7.1 Licenses and Contribution Agreements for Software.

   (a) The Foundation shall generally accept contributions of software made pursuant to the terms of the Contributor License Agreements attached as Appendix 7. The Board of Directors may adopt additional contributor license agreements as may be appropriate for certain organizations or contributions to secure a license on terms which will permit distribution under the Apache License 2.0, and may require inclusion of the Apache License 2.0 license header in code contributions. The Board of Directors may delegate the authority to make non material amendments to the Contributor License Agreement to the Executive Director so long as such modifications permit distribution of the software under Apache License 2.0.

   (b) The Foundation shall distribute the software in the OpenStack Project under the Apache License 2.0 unless changed as provided in Section 9.1

7.2 Licenses and Contribution Agreements for Documentation. The Foundation shall only accept contributions of documentation under a contribution agreement approved by the Board of Directors.

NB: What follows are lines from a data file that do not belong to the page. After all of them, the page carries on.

(* Let $G$ be a simple graph with $n$ vertices and let $G'$ be obtained from $G$ by a symmetric $\mathcal K_{xy}$-operation. Then $P(\lambda,G)\ge P(\lambda,G')$ for every real $\lambda\ge n$.
   Context: All graphs are finite, undirected, without loops. For a graph $G$ on $n$ vertices let $L(G)=D(G)-A(G)$ be its Laplacian matrix ($D(G)$ diagonal degree matrix, $A(G)$ adjacency matrix). Write $\det(\lambda I-L(G))=\lambda P(\lambda,G)$; $P(\lambda,G)$ is the Laplacian polynomial. $\mathcal K_{xy}$-operation: let $G$ be a simple graph, $x\ne y$ vertices, $\mathcal K$ an induced subgraph of $G$ containing $x$ and $y$, and $N(v)$ the neighbourhood of $v$. Put $X=N(x)\setminus(V(\mathcal K)\cup N(y))$, $Y=N(y)\setminus(V(\mathcal K)\cup N(x))$, $[x,X]=\{xv:v\in X\}$, $[y,X]=\{yv:v\in X\}$, $[y,Y]=\{yv:v\in Y\}$. The graph $\mathcal K_{xy}(G)=(G-[x,X])\cup[y,X]$ (on the same vertex set) is obtained from $G$ by the $\mathcal K_{xy}$-operation. The operation is called symmetric if the graph $G-([x,X]\cup[y,Y])$ has an automorphism $\alpha$ with $\alpha(x)=y$, $\alpha(y)=x$, $\alpha(V(\mathcal K))=V(\mathcal K)$, and $\alpha(v)=v$ for every $v\in X\cup Y$. *)

theory Defs
  imports "Jordan_Normal_Form.Char_Poly"
begin

definition simple_graph :: "nat \<Rightarrow> (nat \<Rightarrow> nat \<Rightarrow> bool) \<Rightarrow> bool" where
  "simple_graph n E \<longleftrightarrow> (\<forall>u v. E u v \<longrightarrow> u < n \<and> v < n) \<and>
     (\<forall>u v. E u v \<longrightarrow> E v u) \<and> (\<forall>u. \<not> E u u)"

definition nbhd :: "(nat \<Rightarrow> nat \<Rightarrow> bool) \<Rightarrow> nat \<Rightarrow> nat set" where
  "nbhd E v = {u. E v u}"

definition laplacian :: "nat \<Rightarrow> (nat \<Rightarrow> nat \<Rightarrow> bool) \<Rightarrow> real mat" where
  "laplacian n E = mat n n (\<lambda>(i,j). if i = j then real (card (nbhd E i))
                                    else if E i j then -1 else 0)"

text \<open>Laplacian polynomial: det(\<lambda>I - L) = \<lambda> P(\<lambda>).\<close>
definition lap_poly :: "nat \<Rightarrow> (nat \<Rightarrow> nat \<Rightarrow> bool) \<Rightarrow> real poly" where
  "lap_poly n E = char_poly (laplacian n E) div [:0, 1:]"

definition Xset :: "(nat \<Rightarrow> nat \<Rightarrow> bool) \<Rightarrow> nat set \<Rightarrow> nat \<Rightarrow> nat \<Rightarrow> nat set" where
  "Xset E K x y = nbhd E x - (K \<union> nbhd E y)"

definition del_star :: "(nat \<Rightarrow> nat \<Rightarrow> bool) \<Rightarrow> nat \<Rightarrow> nat set \<Rightarrow> nat \<Rightarrow> nat \<Rightarrow> bool" where
  "del_star E x S u v \<longleftrightarrow> E u v \<and> \<not> ((u = x \<and> v \<in> S) \<or> (v = x \<and> u \<in> S))"

definition Kxy_op :: "(nat \<Rightarrow> nat \<Rightarrow> bool) \<Rightarrow> nat set \<Rightarrow> nat \<Rightarrow> nat \<Rightarrow> nat \<Rightarrow> nat \<Rightarrow> bool" where
  "Kxy_op E K x y u v \<longleftrightarrow>
     del_star E x (Xset E K x y) u v \<or>
     (u = y \<and> v \<in> Xset E K x y) \<or> (v = y \<and> u \<in> Xset E K x y)"

definition graph_aut :: "nat \<Rightarrow> (nat \<Rightarrow> nat \<Rightarrow> bool) \<Rightarrow> (nat \<Rightarrow> nat) \<Rightarrow> bool" where
  "graph_aut n E \<alpha> \<longleftrightarrow> bij_betw \<alpha> {0..<n} {0..<n} \<and>
     (\<forall>u<n. \<forall>v<n. E u v \<longleftrightarrow> E (\<alpha> u) (\<alpha> v))"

The intent to have contributors explicitly agree to make their contribution under the terms of the Apache License 2.0 is clear. Also clear is that the Board of Directors has some ability to adopt alternate contributor agreements. What is not clear is whether this flexibility afforded to the Board of Directors extends to an ability to adopt an agreement like the DCO.

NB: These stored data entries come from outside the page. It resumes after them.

lemma prox_objective_attains_min:
  fixes h :: "'a::euclidean_space \<Rightarrow> real"
  assumes D: "convex D" "D \<noteq> {}" and hc: "convex_on D h" and lsc: "lsc_ext D h"
    and \<eta>: "\<eta> > 0"
  shows "\<exists>y. y \<in> D \<and> (\<forall>z\<in>D. h y + (norm (y - w))\<^sup>2 / (2 * \<eta>) \<le> h z + (norm (z - w))\<^sup>2 / (2 * \<eta>))"
proof -
  define \<phi> where "\<phi> z = h z + (norm (z - w))\<^sup>2 / (2 * \<eta>)" for z
  obtain y0 where y0: "y0 \<in> D" using D(2) by blast
  obtain M \<beta> where hM: "\<And>y. y \<in> D \<Longrightarrow> M - \<beta> * norm (y - y0) \<le> h y" and \<beta>: "\<beta> \<ge> 0"
    using convex_lsc_ext_lower_bound[OF D(1) y0 hc lsc] by metis
  define a where "a = norm (y0 - w)"
  define R where "R = a + 2 * \<eta> * (\<beta> + 1) + \<bar>\<phi> y0 - M\<bar> + \<beta> * a + 1"
  have R: "R \<ge> 0" using \<eta> \<beta> by (simp add: R_def a_def)
  \<comment> \<open>coercivity: the quadratic term outgrows the linear lower bound of \<open>h\<close>\<close>
  have far: "\<phi> y0 < \<phi> z" if z: "z \<in> D" "R < norm (z - y0)" for z
  proof -
    define r where "r = norm (z - y0)"
    have pos: "0 \<le> \<beta> * a" "0 \<le> 2 * \<eta> * (\<beta> + 1)" using \<beta> \<eta> by (simp_all add: a_def)
    have ra: "2 * \<eta> * (\<beta> + 1) \<le> r - a"
      using z(2) pos unfolding r_def R_def by linarith
    have ra0: "0 \<le> r - a" using ra pos by linarith
    have "r - a \<le> norm (z - w)"
      unfolding r_def a_def using norm_triangle_ineq4[of "z - w" "y0 - w"] by simp
    then have "(r - a)\<^sup>2 \<le> (norm (z - w))\<^sup>2" using ra0 by (intro power_mono)
    moreover have "(r - a) * (2 * \<eta> * (\<beta> + 1)) \<le> (r - a)\<^sup>2"
      unfolding power2_eq_square using ra ra0 by (intro mult_left_mono)
    ultimately have "(r - a) * (2 * \<eta> * (\<beta> + 1)) \<le> (norm (z - w))\<^sup>2" by linarith
    then have "(r - a) * (\<beta> + 1) \<le> (norm (z - w))\<^sup>2 / (2 * \<eta>)"
      using \<eta> by (simp add: pos_le_divide_eq ac_simps)
    then have "M - \<beta> * r + (r - a) * (\<beta> + 1) \<le> \<phi> z"
      unfolding \<phi>_def using hM[OF z(1), folded r_def] by linarith
    moreover have "\<phi> y0 - M + \<beta> * a + a < r"
      using z(2) pos abs_ge_self[of "\<phi> y0 - M"] unfolding R_def r_def by linarith
    ultimately show ?thesis by (simp add: algebra_simps)
  qed
  have "lsc_ext D \<phi>"
    unfolding \<phi>_def by (rule lsc_ext_add_continuous[OF lsc]) (use \<eta> in \<open>intro continuous_intros, auto\<close>)
  moreover have "D \<inter> cball y0 R \<noteq> {}" using y0 R by force
  ultimately obtain y where y: "y \<in> D \<inter> cball y0 R" "\<And>z. z \<in> D \<inter> cball y0 R \<Longrightarrow> \<phi> y \<le> \<phi> z"
    using lsc_ext_attains_min[OF _ compact_cball] by blast
  have "\<phi> y \<le> \<phi> z" if z: "z \<in> D" for z
  proof (cases "norm (z - y0) \<le> R")
    case True
    then show ?thesis using y z by (simp add: dist_norm norm_minus_commute)
  next
    case False
    then have "\<phi> y0 < \<phi> z" using far z by simp
    moreover have "\<phi> y \<le> \<phi> y0" using y y0 R by simp
    ultimately show ?thesis by simp
  qed
  then show ?thesis using y(1) unfolding \<phi>_def by blast
qed

lemma
  fixes h :: "'a::euclidean_space \<Rightarrow> real"
  assumes "convex D" "D \<noteq> {}" "convex_on D h" "lsc_ext D h" "\<eta> > 0"
  shows prox_in_domain: "prox \<eta> D h w \<in> D"
    and prox_minimal: "z \<in> D \<Longrightarrow> h (prox \<eta> D h w) + (norm (prox \<eta> D h w - w))\<^sup>2 / (2 * \<eta>)
                                   \<le> h z + (norm (z - w))\<^sup>2 / (2 * \<eta>)"
  using someI_ex[OF prox_objective_attains_min[OF assms]] unfolding prox_def by blast+


section \<open>One proximal gradient step\<close>

lemma power2_norm_add:
  fixes x y :: "'a::real_inner"
  shows "(norm (x + y))\<^sup>2 = (norm x)\<^sup>2 + 2 * (x \<bullet> y) + (norm y)\<^sup>2"
  by (simp add: power2_norm_eq_inner inner_add inner_commute)

lemma power2_norm_diff:
  fixes x y :: "'a::real_inner"
  shows "(norm (x - y))\<^sup>2 = (norm x)\<^sup>2 - 2 * (x \<bullet> y) + (norm y)\<^sup>2"
  by (simp add: power2_norm_eq_inner inner_diff inner_commute)

lemma power2_norm_add_le_weighted:
  fixes x y :: "'a::real_inner"
  assumes t: "t > 0"
  shows "(norm (x + y))\<^sup>2 \<le> (1 + t) * (norm x)\<^sup>2 + (1 + 1 / t) * (norm y)\<^sup>2"
proof -
  have "0 \<le> (norm (t *\<^sub>R x - y))\<^sup>2 / t" using t by simp
  also have "\<dots> = (t\<^sup>2 * (norm x)\<^sup>2 - 2 * t * (x \<bullet> y) + (norm y)\<^sup>2) / t"
    by (simp add: power2_norm_diff power_mult_distrib)
  also have "\<dots> = t * (norm x)\<^sup>2 - 2 * (x \<bullet> y) + (norm y)\<^sup>2 / t"
    using t by (simp add: field_simps power2_eq_square)
  finally show ?thesis by (simp add: power2_norm_add algebra_simps)
qed

lemma prox_three_point:
  fixes y z w :: "'a::real_inner"
  assumes D: "convex D" and hc: "convex_on D h" and y: "y \<in> D" and z: "z \<in> D" and \<eta>: "\<eta> > 0"
    and min: "\<And>u. u \<in> D \<Longrightarrow> h y + (norm (y - w))\<^sup>2 / (2 * \<eta>) \<le> h u + (norm (u - w))\<^sup>2 / (2 * \<eta>)"
  shows "2 * \<eta> * h y + (norm (y - w))\<^sup>2 + (norm (y - z))\<^sup>2 \<le> 2 * \<eta> * h z + (norm (z - w))\<^sup>2"
proof -
  define A where "A = 2 * \<eta> * (h y - h z) - 2 * ((y - w) \<bullet> (z - y))"
  define C where "C = (norm (z - y))\<^sup>2"
  have segment: "A \<le> t * C" if t: "0 < t" "t \<le> 1" for t
  proof -
    define u where "u = (1 - t) *\<^sub>R y + t *\<^sub>R z"
    have "u \<in> D" unfolding u_def using D y z t by (intro convexD) auto
    then have "2 * \<eta> * (h y + (norm (y - w))\<^sup>2 / (2 * \<eta>))
               \<le> 2 * \<eta> * (h u + (norm (u - w))\<^sup>2 / (2 * \<eta>))"
      using min \<eta> by (intro mult_left_mono) auto
    then have "2 * \<eta> * h y + (norm (y - w))\<^sup>2 \<le> 2 * \<eta> * h u + (norm (u - w))\<^sup>2"
      using \<eta> by (simp add: distrib_left)
    moreover have "2 * \<eta> * h u \<le> 2 * \<eta> * ((1 - t) * h y + t * h z)"
      unfolding u_def using convex_onD[OF hc, of t y z] t y z \<eta> by simp
    moreover have "u - w = (y - w) + t *\<^sub>R (z - y)" by (simp add: u_def algebra_simps)
    then have "(norm (u - w))\<^sup>2 = (norm (y - w))\<^sup>2 + 2 * t * ((y - w) \<bullet> (z - y)) + t\<^sup>2 * C"
      unfolding C_def by (simp only:) (simp add: power2_norm_add power_mult_distrib)
    moreover have "t\<^sup>2 * C = t * (t * C)" by (simp add: power2_eq_square)
    moreover have "t * A = 2 * \<eta> * h y - 2 * \<eta> * ((1 - t) * h y + t * h z) - 2 * t * ((y - w) \<bullet> (z - y))"
      by (simp add: A_def algebra_simps)
    ultimately have "t * A \<le> t * (t * C)" by linarith
    then show ?thesis using t by simp
  qed
  have "A \<le> 0"
  proof (rule ccontr)
    assume "\<not> A \<le> 0"
    then have A: "A > 0" by simp
    have C: "C \<ge> 0" by (simp add: C_def)
    define t where "t = A / (A + C + 1)"
    have "0 < t" "t \<le> 1" using A C by (simp_all add: t_def)
    moreover have "t * C < A" using A C by (simp add: t_def field_simps add_pos_pos)
    ultimately show False using segment by fastforce
  qed
  moreover have "(norm (z - w))\<^sup>2 = C + 2 * ((y - w) \<bullet> (z - y)) + (norm (y - w))\<^sup>2"
    using power2_norm_add[of "z - y" "y - w"] by (simp add: C_def inner_commute)
  moreover have "(norm (y - z))\<^sup>2 = C" by (simp add: C_def norm_minus_commute)
  ultimately show ?thesis unfolding A_def by (simp add: algebra_simps)
qed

If a change to section 7.1 of the bylaws is deemed to be required, then the following process apply:

ARTICLE IX. AMENDMENT

9.1 By the Board of Directors. [..] these Bylaws may be altered, amended or repealed or new bylaws which may be adopted by the affirmative vote of two-thirds of the directors present at any regular or special meeting of the Board of Directors at which a quorum is also present. In addition to an amendment proposed and approved by the Board of Directors, a proposal to amend these Bylaws may be made by one of the following means: (i) a proposal of the Technical Committee approved by at least two-thirds (2/3) of individuals serving on the Technical Committee, [..] The proposal must be in writing, must specifically state the proposed language of the Bylaws Section(s) or Appendix as amended, and must be signed by each approving Technical Committee member, [..], as applicable.
9.2 Special Votes.

   [..]
   (d) In addition to the vote of the Board of Directors as provided in Section 9.1, the amendment of the following Sections requires an affirmative vote of (i) two-thirds of the Gold Members, (ii) two-thirds of the Platinum Members, and (iii) a majority of the Individual Members voting (but only if at least 25% of the Individual Members vote at an annual or special meeting): [..] Sections [..] 7.1, [..]


In other words, a proposed bylaws change could first be approved by a vote of the TC, then a vote of the Board of Directors and would further require votes by the Platinum, Gold and Individual members.

It is generally felt that because of the number of Individual Members (some 15000 members) it will be difficult to achieve the required 25% turnout for such a bylaws change. However, there are other proposals for bylaws changes currently in the works which will face the same difficulty and it is hoped that up to 6,000 members will become ineligible to vote from July 2014 thereby making it easier to achieve the required turnout.

If a bylaws change is required, it may be preferable to simply remove any reference to a particular contributor agreement and instead leave it to the Board of Directors discretion how the project should ensure that contributions are made under a license compatible with the Apache License 2.0.

It's easy to forget that we require contributors to our documentation to also sign the CLA including its patent provisions which aren't obviously relevant in this case. That documentation can and should be treated differently is acknowledged by section 7.2 of the bylaws and it could easily be argued that the Board of Directors should quickly move to adopt a frictionless contributor agreement like the DCO for documentation.